Source information:

>>>>>

lemma absv_of_int_le_1: "absv (of_int m) \<le> 1"
proof -
  have "absv (of_int m) = absv (of_nat (nat \<bar>m\<bar>))"
    by (cases "0 \<le> m") simp_all
  then show ?thesis using absv_of_nat_le_1[of "nat \<bar>m\<bar>"] by linarith
qed

end

context nonarch_absv
begin

lemma Nval_le_iff:
  "Nval n absv A \<le> r \<longleftrightarrow> 0 \<le> r \<and> (\<forall>j k. j < k \<longrightarrow> k < n \<longrightarrow> absv (A j k) \<le> r ^ (k - j))"
proof -
  have root: "absv (A j k) powr (1 / real (k - j)) \<le> r \<longleftrightarrow> absv (A j k) \<le> r ^ (k - j)"
    if "j < k" "0 \<le> r" for j k
    using that by (intro root_powr_le_iff) auto
  have "finite {absv (A j k) powr (1 / real (k - j)) |j k. j < k \<and> k < n}"
    by (rule finite_image_pairs_below) auto
  then have "Nval n absv A \<le> r \<longleftrightarrow>
      0 \<le> r \<and> (\<forall>j k. j < k \<longrightarrow> k < n \<longrightarrow> absv (A j k) powr (1 / real (k - j)) \<le> r)"
    unfolding Nval_def by (subst Max_zero_Un_le_iff) blast+
  with root show ?thesis by blast
qed

lemma Nval_nonneg: "0 \<le> Nval n absv A"
  using Nval_le_iff[of n A "Nval n absv A"] by simp

lemma Nval_entry_le: "Nval n absv A \<le> r \<Longrightarrow> j < k \<Longrightarrow> k < n \<Longrightarrow> absv (A j k) \<le> r ^ (k - j)"
  by (simp add: Nval_le_iff)

lemma matdist_le_iff:
  "matdist n absv A B \<le> r \<longleftrightarrow> 0 \<le> r \<and> (\<forall>j k. j < n \<longrightarrow> k < n \<longrightarrow> absv (A j k - B j k) \<le> r)"
  unfolding matdist_def by (subst Max_zero_Un_le_iff) (auto intro: finite_image_pairs_below)

lemma matdist_less_iff:
  "matdist n absv A B < r \<longleftrightarrow> 0 < r \<and> (\<forall>j k. j < n \<longrightarrow> k < n \<longrightarrow> absv (A j k - B j k) < r)"
  unfolding matdist_def by (subst Max_zero_Un_less_iff) (auto intro: finite_image_pairs_below)

lemma matdist_nonneg [simp]: "0 \<le> matdist n absv A B"
  using matdist_le_iff[of n A B "matdist n absv A B"] by simp

lemma matdist_entry_le: "j < n \<Longrightarrow> k < n \<Longrightarrow> absv (A j k - B j k) \<le> matdist n absv A B"
  using matdist_le_iff[of n A B "matdist n absv A B"] by simp

lemma matdist_entry_le': "is_mat n A \<Longrightarrow> is_mat n B \<Longrightarrow> absv (A j k - B j k) \<le> matdist n absv A B"
  by (cases "j < n \<and> k < n") (auto simp: matdist_entry_le is_matD)

lemma matdist_commute: "matdist n absv A B = matdist n absv B A"
proof -
  have "matdist n absv A B \<le> matdist n absv B A" for A B
    using matdist_entry_le[of _ n _ B A] by (simp add: matdist_le_iff absv_minus_commute)
  then show ?thesis by (metis antisym)
qed

lemma matdist_le_max: "matdist n absv A C \<le> max (matdist n absv A B) (matdist n absv B C)"
proof -
  have "absv (A j k - C j k) \<le> max (matdist n absv A B) (matdist n absv B C)"
    if "j < n" "k < n" for j k
    using absv_diff_le_max[of "A j k" "C j k" "B j k"]
      matdist_entry_le[OF that, of A B] matdist_entry_le[OF that, of B C] by linarith
  moreover have "0 \<le> max (matdist n absv A B) (matdist n absv B C)"
    by (simp add: le_max_iff_disj)
  ultimately show ?thesis
    using matdist_le_iff[of n A C "max (matdist n absv A B) (matdist n absv B C)"] by blast
qed

lemma matdist_self [simp]: "matdist n absv A A = 0"
  using matdist_le_iff[of n A A 0] matdist_nonneg[of n A A] by simp

lemma matdist_eq_0_iff: "is_mat n A \<Longrightarrow> is_mat n B \<Longrightarrow> matdist n absv A B = 0 \<longleftrightarrow> A = B"
  using matdist_entry_le'[of n A B] by (auto intro: mat_eqI[of n])

lemma Dval_le_iff:
  "Dval n absv A B \<le> r \<longleftrightarrow> 0 \<le> r \<and> (\<forall>j. j < n \<longrightarrow> absv (A j j - B j j) \<le> r)"
  unfolding Dval_def by (subst Max_zero_Un_le_iff) auto

lemma Dval_nonneg: "0 \<le> Dval n absv A B"
  using Dval_le_iff[of n A B "Dval n absv A B"] by simp

lemma Dval_entry_le: "j < n \<Longrightarrow> absv (A j j - B j j) \<le> Dval n absv A B"
  using Dval_le_iff[of n A B "Dval n absv A B"] by simp

lemma Dval_le_matdist: "Dval n absv A B \<le> matdist n absv A B"
  by (simp add: Dval_le_iff matdist_entry_le)

lemma Dval_cong:
  assumes "\<And>j. j < n \<Longrightarrow> absv (A j j - B j j) = absv (A' j j - B' j j)"
  shows "Dval n absv A B = Dval n absv A' B'"
proof -
  have "Dval n absv A B \<le> Dval n absv A' B'" if "\<And>j. j < n \<Longrightarrow> absv (A j j - B j j) = absv (A' j j - B' j j)"
    for A B A' B' :: "'a mat"
    using that Dval_entry_le[of _ n A' B'] by (simp add: Dval_le_iff Dval_nonneg)
  then show ?thesis using assms by (metis antisym)
qed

<<<<<

Work required:
In full and exactly as written, reproduce the records above.

Finished task:
lemma absv_of_int_le_1: "absv (of_int m) \<le> 1"
proof -
  have "absv (of_int m) = absv (of_nat (nat \<bar>m\<bar>))"
    by (cases "0 \<le> m") simp_all
  then show ?thesis using absv_of_nat_le_1[of "nat \<bar>m\<bar>"] by linarith
qed

end

context nonarch_absv
begin

lemma Nval_le_iff:
  "Nval n absv A \<le> r \<longleftrightarrow> 0 \<le> r \<and> (\<forall>j k. j < k \<longrightarrow> k < n \<longrightarrow> absv (A j k) \<le> r ^ (k - j))"
proof -
  have root: "absv (A j k) powr (1 / real (k - j)) \<le> r \<longleftrightarrow> absv (A j k) \<le> r ^ (k - j)"
    if "j < k" "0 \<le> r" for j k
    using that by (intro root_powr_le_iff) auto
  have "finite {absv (A j k) powr (1 / real (k - j)) |j k. j < k \<and> k < n}"
    by (rule finite_image_pairs_below) auto
  then have "Nval n absv A \<le> r \<longleftrightarrow>
      0 \<le> r \<and> (\<forall>j k. j < k \<longrightarrow> k < n \<longrightarrow> absv (A j k) powr (1 / real (k - j)) \<le> r)"
    unfolding Nval_def by (subst Max_zero_Un_le_iff) blast+
  with root show ?thesis by blast
qed

lemma Nval_nonneg: "0 \<le> Nval n absv A"
  using Nval_le_iff[of n A "Nval n absv A"] by simp

lemma Nval_entry_le: "Nval n absv A \<le> r \<Longrightarrow> j < k \<Longrightarrow> k < n \<Longrightarrow> absv (A j k) \<le> r ^ (k - j)"
  by (simp add: Nval_le_iff)

lemma matdist_le_iff:
  "matdist n absv A B \<le> r \<longleftrightarrow> 0 \<le> r \<and> (\<forall>j k. j < n \<longrightarrow> k < n \<longrightarrow> absv (A j k - B j k) \<le> r)"
  unfolding matdist_def by (subst Max_zero_Un_le_iff) (auto intro: finite_image_pairs_below)

lemma matdist_less_iff:
  "matdist n absv A B < r \<longleftrightarrow> 0 < r \<and> (\<forall>j k. j < n \<longrightarrow> k < n \<longrightarrow> absv (A j k - B j k) < r)"
  unfolding matdist_def by (subst Max_zero_Un_less_iff) (auto intro: finite_image_pairs_below)

lemma matdist_nonneg [simp]: "0 \<le> matdist n absv A B"
  using matdist_le_iff[of n A B "matdist n absv A B"] by simp

lemma matdist_entry_le: "j < n \<Longrightarrow> k < n \<Longrightarrow> absv (A j k - B j k) \<le> matdist n absv A B"
  using matdist_le_iff[of n A B "matdist n absv A B"] by simp

lemma matdist_entry_le': "is_mat n A \<Longrightarrow> is_mat n B \<Longrightarrow> absv (A j k - B j k) \<le> matdist n absv A B"
  by (cases "j < n \<and> k < n") (auto simp: matdist_entry_le is_matD)

lemma matdist_commute: "matdist n absv A B = matdist n absv B A"
proof -
  have "matdist n absv A B \<le> matdist n absv B A" for A B
    using matdist_entry_le[of _ n _ B A] by (simp add: matdist_le_iff absv_minus_commute)
  then show ?thesis by (metis antisym)
qed

lemma matdist_le_max: "matdist n absv A C \<le> max (matdist n absv A B) (matdist n absv B C)"
proof -
  have "absv (A j k - C j k) \<le> max (matdist n absv A B) (matdist n absv B C)"
    if "j < n" "k < n" for j k
    using absv_diff_le_max[of "A j k" "C j k" "B j k"]
      matdist_entry_le[OF that, of A B] matdist_entry_le[OF that, of B C] by linarith
  moreover have "0 \<le> max (matdist n absv A B) (matdist n absv B C)"
    by (simp add: le_max_iff_disj)
  ultimately show ?thesis
    using matdist_le_iff[of n A C "max (matdist n absv A B) (matdist n absv B C)"] by blast
qed

lemma matdist_self [simp]: "matdist n absv A A = 0"
  using matdist_le_iff[of n A A 0] matdist_nonneg[of n A A] by simp

lemma matdist_eq_0_iff: "is_mat n A \<Longrightarrow> is_mat n B \<Longrightarrow> matdist n absv A B = 0 \<longleftrightarrow> A = B"
  using matdist_entry_le'[of n A B] by (auto intro: mat_eqI[of n])

lemma Dval_le_iff:
  "Dval n absv A B \<le> r \<longleftrightarrow> 0 \<le> r \<and> (\<forall>j. j < n \<longrightarrow> absv (A j j - B j j) \<le> r)"
  unfolding Dval_def by (subst Max_zero_Un_le_iff) auto

lemma Dval_nonneg: "0 \<le> Dval n absv A B"
  using Dval_le_iff[of n A B "Dval n absv A B"] by simp

lemma Dval_entry_le: "j < n \<Longrightarrow> absv (A j j - B j j) \<le> Dval n absv A B"
  using Dval_le_iff[of n A B "Dval n absv A B"] by simp

lemma Dval_le_matdist: "Dval n absv A B \<le> matdist n absv A B"
  by (simp add: Dval_le_iff matdist_entry_le)

lemma Dval_cong:
  assumes "\<And>j. j < n \<Longrightarrow> absv (A j j - B j j) = absv (A' j j - B' j j)"
  shows "Dval n absv A B = Dval n absv A' B'"
proof -
  have "Dval n absv A B \<le> Dval n absv A' B'" if "\<And>j. j < n \<Longrightarrow> absv (A j j - B j j) = absv (A' j j - B' j j)"
    for A B A' B' :: "'a mat"
    using that Dval_entry_le[of _ n A' B'] by (simp add: Dval_le_iff Dval_nonneg)
  then show ?thesis using assms by (metis antisym)
qed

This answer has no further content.